Detect objects in images with ML Kit: Android

ML Kit is a mobile SDK that brings Google's on-device machine learning expertise to Android and iOS apps. Use our powerful yet easy to use Vision and Natural Language APIs to solve common challenges in your apps or create brand-new user experiences. All are powered by Google's best-in-class ML models and offered to you at no cost.

ML Kit's APIs all run on-device, allowing for real-time use cases where you want to process a live camera stream for example. This also means that the functionality is available offline.

This codelab will walk you through simple steps to add Object Detection and Tracking (ODT) for a given image into your existing Android app. Please note that this codelab takes some shortcuts to highlight ML Kit ODT usage.

What you will build

In this codelab, you're going to build an Android app with ML Kit. Your app will use the ML Kit Object Detection and Tracking API to detect objects in a given image.In the end, you should see something similar to the image on the right.

What you'll learn

  • How to integrate ML Kit SDK into your Android application
  • ML Kit Object Detection and Tracking API

What you'll need

  • A recent version of Android Studio (v4.1.2+)
  • Android Studio Emulator or a physical Android device
  • The sample code
  • Basic knowledge of Android development in Kotlin

This codelab is focused on ML Kit. Non-relevant concepts and code blocks are glossed over and are provided for you to simply copy and paste.

Download the Code

Click the following link to download all the code for this codelab:

Download source code

Unpack the downloaded zip file. This will unpack a root folder (mlkit-android) with all of the resources you will need. For this codelab, you will only need the sources in the object-detection subdirectory.

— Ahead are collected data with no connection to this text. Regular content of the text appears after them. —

(* Let $\beta>0$ and let $p=\lfloor\beta\rfloor$. Then $\Phi_\beta(p,0)=1$ and $\Phi_\beta(p+1,0)<1$.
   Context: For $\beta>0$, $W_\beta$ is the random walk on $\mathbb{Z}^2$ starting at the origin which, independently at each step, moves from $(a,b)$ to $(a+1,b)$ with probability $1/(\beta+1)$ and to $(a,b+1)$ with probability $\beta/(\beta+1)$. For a nonnegative integer $q$, $\Phi_\beta(q,0)$ is the probability that $W_\beta$ visits at least one of the lattice points $(n,qn+1)$, $n\ge 0$ (i.e. crosses the line $y=qx$). *)

theory Defs
  imports "HOL-Probability.Probability"
begin

text \<open>The walk W_beta is driven by an i.i.d. sequence of steps: a step is True
  (move from (a,b) to (a,b+1)) with probability beta/(beta+1) and False
  (move from (a,b) to (a+1,b)) with probability 1/(beta+1).\<close>

definition walk_space :: "real \<Rightarrow> bool stream measure" where
  "walk_space \<beta> = stream_space (measure_pmf (bernoulli_pmf (\<beta> / (\<beta> + 1))))"

definition walk_pos :: "bool stream \<Rightarrow> nat \<Rightarrow> int \<times> int" where
  "walk_pos \<omega> k = (int (length (filter Not (stake k \<omega>))),
                    int (length (filter id (stake k \<omega>))))"

text \<open>Phi_beta(q,0): probability that the walk visits some point (n, q n + 1), n >= 0.\<close>
definition Phi :: "real \<Rightarrow> nat \<Rightarrow> real" where
  "Phi \<beta> q = measure (walk_space \<beta>)
     {\<omega> \<in> space (walk_space \<beta>). \<exists>k n::nat. walk_pos \<omega> k = (int n, int q * int n + 1)}"

end

theory Submission
  imports Defs
begin

text \<open>
  Write \<open>pp = \<beta>/(\<beta>+1)\<close> for the probability of an upward step. The walk visits a point
  \<open>(n, q n + 1)\<close> iff the height \<open>y - q x\<close> of the walk above the line \<open>y = q x\<close> reaches 1;
  this height is a one-dimensional walk with steps \<open>+1\<close> (probability \<open>pp\<close>) and \<open>-q\<close>.
  Since it moves up by at most 1, reaching height \<open>\<ge> 1\<close> is the same as hitting 1.

  For \<open>q \<le> \<beta>\<close> (recurrence) the limits \<open>H s = hit_prob_lim pp q s\<close> satisfy
  \<open>H s * H 0 \<le> H (s - 1)\<close> (to climb from \<open>s - 1\<close> one may first climb to \<open>s\<close> and
  then one more level), hence
  \<open>H 0 = pp + (1-pp) H (-q) \<ge> pp + (1-pp) H 0^(q+1)\<close>, and Bernoulli's inequality shows
  that \<open>r = 1\<close> is the only solution of this inequality in \<open>[0,1]\<close>.

  For \<open>q > \<beta>\<close> (transience) we find \<open>l > 1\<close> with \<open>pp l + (1-pp) l^-q \<le> 1\<close>, so that
  \<open>l^height\<close> is a supermartingale; this gives \<open>hit_prob pp q N s \<le> l^-(1-s)\<close> and in
  particular \<open>\<Phi>\<^sub>\<beta>(q,0) \<le> 1/l < 1\<close>.
\<close>

section \<open>Reduction to a one-dimensional walk\<close>

definition step_val :: "nat \<Rightarrow> bool \<Rightarrow> int" where
  "step_val q b = (if b then 1 else - int q)"

definition walk_height :: "nat \<Rightarrow> bool stream \<Rightarrow> nat \<Rightarrow> int" where
  "walk_height q \<omega> k = int (length (filter id (stake k \<omega>))) - int q * int (length (filter Not (stake k \<omega>)))"

lemma walk_height_0 [simp]: "walk_height q \<omega> 0 = 0"
  by (simp add: walk_height_def)

lemma walk_height_Suc: "walk_height q \<omega> (Suc k) = step_val q (shd \<omega>) + walk_height q (stl \<omega>) k"
  by (cases "shd \<omega>") (simp_all add: walk_height_def step_val_def algebra_simps)

lemma walk_height_Suc_le: "walk_height q \<omega> (Suc k) \<le> walk_height q \<omega> k + 1"
  unfolding walk_height_def stake_Suc by (cases "\<omega> !! k") (simp_all add: algebra_simps)

lemma first_passage_exact:
  fixes f :: "nat \<Rightarrow> int"
  assumes "f 0 \<le> 0" and "\<And>k. f (Suc k) \<le> f k + 1" and "f k \<ge> 1"
  shows "\<exists>j\<le>k. f j = 1"
  using assms(3)
proof (induction k)
  case 0
  with assms(1) show ?case by simp
next
  case (Suc k)
  show ?case
  proof (cases "f k \<ge> 1")
    case True
    with Suc.IH show ?thesis using le_SucI by blast
  next
    case False
    with assms(2)[of k] Suc.prems have "f (Suc k) = 1" by linarith
    then show ?thesis by blast
  qed
qed

fun hits_within :: "nat \<Rightarrow> nat \<Rightarrow> int \<Rightarrow> bool stream \<Rightarrow> bool" where
  "hits_within q 0 s \<omega> = (s \<ge> 1)"
| "hits_within q (Suc N) s \<omega> = (s \<ge> 1 \<or> hits_within q N (s + step_val q (shd \<omega>)) (stl \<omega>))"

lemma hits_within_iff: "hits_within q N s \<omega> \<longleftrightarrow> (\<exists>k\<le>N. s + walk_height q \<omega> k \<ge> 1)"
proof (induction N arbitrary: s \<omega>)
  case 0
  then show ?case by simp
next
  case (Suc N)
  have "(\<exists>k\<le>Suc N. s + walk_height q \<omega> k \<ge> 1) \<longleftrightarrow> s \<ge> 1 \<or> (\<exists>k\<le>N. s + walk_height q \<omega> (Suc k) \<ge> 1)"
    by (metis walk_height_0 add.right_neutral Suc_le_mono not0_implies_Suc zero_le)
  then show ?case using Suc by (simp add: walk_height_Suc add.assoc)
qed

lemma hits_within_Suc: "hits_within q N s \<omega> \<Longrightarrow> hits_within q (Suc N) s \<omega>"
  unfolding hits_within_iff using le_SucI by blast

lemma crossing_iff_hits_within:
  "(\<exists>k n::nat. walk_pos \<omega> k = (int n, int q * int n + 1)) \<longleftrightarrow> (\<exists>N. hits_within q N 0 \<omega>)"
proof -
  have "(\<exists>k n::nat. walk_pos \<omega> k = (int n, int q * int n + 1)) \<longleftrightarrow> (\<exists>k. walk_height q \<omega> k = 1)"
  proof
    assume "\<exists>k. walk_height q \<omega> k = 1"
    then obtain k where "walk_height q \<omega> k = 1" by blast
    then have "walk_pos \<omega> k = (int (length (filter Not (stake k \<omega>))),
                 int q * int (length (filter Not (stake k \<omega>))) + 1)"
      by (auto simp: walk_pos_def walk_height_def)
    then show "\<exists>k n::nat. walk_pos \<omega> k = (int n, int q * int n + 1)" by blast
  next
    assume "\<exists>k n::nat. walk_pos \<omega> k = (int n, int q * int n + 1)"
    then obtain k n where "walk_pos \<omega> k = (int n, int q * int n + 1)" by blast
    then have "walk_height q \<omega> k = 1" by (auto simp: walk_pos_def walk_height_def)
    then show "\<exists>k. walk_height q \<omega> k = 1" by blast
  qed
  also have "\<dots> \<longleftrightarrow> (\<exists>k. walk_height q \<omega> k \<ge> 1)"
  proof
    assume "\<exists>k. walk_height q \<omega> k \<ge> 1"
    then obtain k where "walk_height q \<omega> k \<ge> 1" by blast
    from first_passage_exact[OF _ walk_height_Suc_le this]
    show "\<exists>k. walk_height q \<omega> k = 1" by auto
  qed (metis order_refl)
  also have "\<dots> \<longleftrightarrow> (\<exists>N. hits_within q N 0 \<omega>)"
    by (auto simp: hits_within_iff)
  finally show ?thesis .
qed

section \<open>Finite-horizon hitting probabilities\<close>

text \<open>First-step recursion for the probability of \<open>hits_within q N s\<close>, where \<open>pp\<close> is the
  probability of an upward step.\<close>
fun hit_prob :: "real \<Rightarrow> nat \<Rightarrow> nat \<Rightarrow> int \<Rightarrow> real" where
  "hit_prob pp q 0 s = (if s \<ge> 1 then 1 else 0)"
| "hit_prob pp q (Suc N) s =
     (if s \<ge> 1 then 1 else pp * hit_prob pp q N (s + 1) + (1 - pp) * hit_prob pp q N (s - int q))"

lemma hit_prob_ge1: "s \<ge> 1 \<Longrightarrow> hit_prob pp q N s = 1"
  by (cases N) auto

lemma hit_prob_bounds:
  assumes "0 \<le> pp" "pp \<le> 1"
  shows "0 \<le> hit_prob pp q N s \<and> hit_prob pp q N s \<le> 1"
proof (induction N arbitrary: s)
  case 0
  show ?case by simp
next
  case (Suc N)
  let ?a = "hit_prob pp q N (s + 1)" and ?b = "hit_prob pp q N (s - int q)"
  have "pp * ?a + (1 - pp) * ?b \<le> pp * 1 + (1 - pp) * 1"
    using Suc assms by (intro add_mono mult_left_mono) auto
  moreover have "0 \<le> pp * ?a + (1 - pp) * ?b" using Suc assms by simp
  ultimately show ?case by auto
qed

lemma hits_within_measurable:
  "Measurable.pred (stream_space (measure_pmf P)) (hits_within q N s)"
proof (induction N arbitrary: s)
  case 0
  show ?case by simp
next
  case (Suc N)
  have eq: "hits_within q (Suc N) s = (\<lambda>\<omega>. s \<ge> 1 \<or> (shd \<omega> \<and> hits_within q N (s + 1) (stl \<omega>))
                                         \<or> (\<not> shd \<omega> \<and> hits_within q N (s - int q) (stl \<omega>)))"
    by (auto simp: step_val_def fun_eq_iff)
  note Suc[measurable]
  have [measurable]: "Measurable.pred (stream_space (measure_pmf P)) shd"
    using measurable_shd[of "measure_pmf P"] by (simp add: measurable_def)
  show ?case unfolding eq by measurable
qed

lemma hits_within_sets: "{\<omega>. hits_within q N s \<omega>} \<in> sets (stream_space (measure_pmf P))"
  using hits_within_measurable[where P=P and q=q and N=N and s=s]
  by (simp add: pred_def space_stream_space)

text \<open>The recursion computes the probability of the finite-horizon event: by the product
  structure of the stream space the first step is independent of the rest of the walk.\<close>
lemma emeasure_hits_within:
  assumes "0 \<le> pp" "pp \<le> 1"
  shows "emeasure (stream_space (measure_pmf (bernoulli_pmf pp))) {\<omega>. hits_within q N s \<omega>}
           = ennreal (hit_prob pp q N s)"
proof -
  let ?M = "measure_pmf (bernoulli_pmf pp)"
  let ?S = "stream_space ?M"
  interpret S: prob_space ?S
    by (rule prob_space.prob_space_stream_space) (rule prob_space_measure_pmf)
  have space: "space ?S = UNIV" by (simp add: space_stream_space)
  show ?thesis
  proof (induction N arbitrary: s)
    case 0
    show ?case using S.emeasure_space_1 space by (cases "s \<ge> 1") auto
  next
    case (Suc N)
    show ?case
    proof (cases "s \<ge> 1")
      case True
      then show ?thesis using S.emeasure_space_1 space by simp
    next
      case False
      have "emeasure ?S {\<omega>. hits_within q (Suc N) s \<omega>}
            = (\<integral>\<^sup>+t. emeasure ?S {x \<in> space ?S. t ## x \<in> {\<omega>. hits_within q (Suc N) s \<omega>}} \<partial>?M)"
        by (rule prob_space.emeasure_stream_space[OF prob_space_measure_pmf hits_within_sets])
      also have "\<dots> = (\<integral>\<^sup>+t. ennreal (hit_prob pp q N (s + step_val q t)) \<partial>?M)"
        using False by (simp add: space Suc)
      also have "\<dots> = ennreal (hit_prob pp q N (s + 1)) * ennreal pp
                     + ennreal (hit_prob pp q N (s - int q)) * ennreal (1 - pp)"
        using assms by (simp add: step_val_def)
      also have "\<dots> = ennreal (hit_prob pp q (Suc N) s)"
        using False hit_prob_bounds[OF assms] assms
        by (simp add: ennreal_plus ennreal_mult'' mult.commute)
      finally show ?thesis .
    qed
  qed
qed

The object-detection subdirectory in the mlkit-android repository contains two directories:

  • android_studio_folder.pngstarter—Starting code that you build upon for this codelab.
  • android_studio_folder.pngfinal—Completed code for the finished sample app.

Import the app into Android Studio

Let's start by importing the starter app into the Android Studio. Go to Android Studio, select Import Project (Gradle, Eclipse ADT, etc.) and choose the starter folder from the source code that you have downloaded earlier.

7c0f27882a2698ac.png

Add the dependencies for ML Kit Object Detection and Tracking

The ML Kit dependencies allow you to integrate the ML Kit ODT SDK in your app. Add the following lines to the end of the app/build.gradle file of your project:

build.gradle

dependencies {
  // ...
  implementation 'com.google.mlkit:object-detection:16.2.3'
}

Sync your project with gradle files

To be sure that all dependencies are available to your app, you should sync your project with gradle files at this point. Select Sync Project with Gradle Files ( b451ab2d04d835f9.png) from the Android Studio toolbar.

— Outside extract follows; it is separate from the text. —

(* For every integer $m\ge1$, every $k\ge1$ and all integers $n_1,\dots,n_k$ (of arbitrary signs), $$M\big(\mathcal G(m,n_1)\,\mathcal G(m,n_2)\cdots\mathcal G(m,n_k)\big)=M\big(\mathcal G(m,n_1+n_2+\cdots+n_k)\big).$$
   Context: Grid conventions: an $m$-by-$N$ grid has vertices $(i,j)$, $1\le i\le m$ (rows), $1\le j\le N$ (columns); horizontal edges join $(i,j),(i,j+1)$, vertical edges join $(i,j),(i+1,j)$. A signed graph is a graph each of whose edges carries a sign $+1$ or $-1$ (parallel edges allowed). For a signed graph $\mathcal G$, $M(\mathcal G)$ denotes the sum over all perfect matchings of $\mathcal G$ of the product of the signs of the edges in the matching (the empty graph has $M=1$). For $m\ge1$ and $n\ge 1$, $\mathcal G(m,n)$ is the $m$-by-$n$ grid graph with all edges of sign $+1$. For $n\le 0$, $\mathcal G(m,n)$ has the vertex set of the $m$-by-$(2-n)$ grid, all horizontal edges of that grid with sign $+1$, the vertical edges lying in columns $2,3,\dots,1-n$ with sign $-1$, and no vertical edges in columns $1$ and $2-n$. A signed graph of width $m$ is a signed graph whose vertex set is that of an $m$-by-$N$ grid for some $N\ge1$ and whose edges are edges of that grid. For signed graphs $\mathcal G_1,\mathcal G_2$ of width $m$ (with $N_1$ and $N_2$ columns), the adjoined graph $\mathcal G_1\mathcal G_2$ is the signed graph of width $m$ with $N_1+N_2$ columns obtained by placing $\mathcal G_1$ to the left of $\mathcal G_2$ and joining, for each row $i$, the rightmost vertex of row $i$ of $\mathcal G_1$ to the leftmost vertex of row $i$ of $\mathcal G_2$ by an edge of sign $+1$. Adjunction is associative. *)

theory Defs
  imports Main
begin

(If this button is disabled, make sure you import only

starter/app/build.gradle

, not the entire repository.)

Now that you have imported the project into Android Studio and added the dependencies for ML Kit Object Detection and Tracking, you are ready to run the app for the first time. Connect your Android device via USB to your host or Start the Android Studio emulator, and click Run ( execute.png) in the Android Studio toolbar.

Run and explore the app

The app should launch on your Android device. It has some boilerplate code to allow you to capture a photo, or select a preset image, and feed it to an object detection and tracking pipeline that you'll build in this codelab. Let's explore the app a little bit before writing code.

Firstly, there is a Button ( c6d965d639c3646.png) at the bottom to

  1. bring up the camera app integrated in your device/emulator
  2. take a photo inside your camera app
  3. receive the captured image in starter app
  4. display the image

Try out the "Take photo" button, follow the prompts to take a photo, accept the photo and observe it displayed inside the starter app. Repeat a few times to see how it works:

9ec541980dbe2d31.png 8312dde41425ba4b.png fa8492bfc1914ff0.png

Secondly, there are 3 preset images that you can choose from. You can use these images later to test the object detection code if you are running on an Android emulator.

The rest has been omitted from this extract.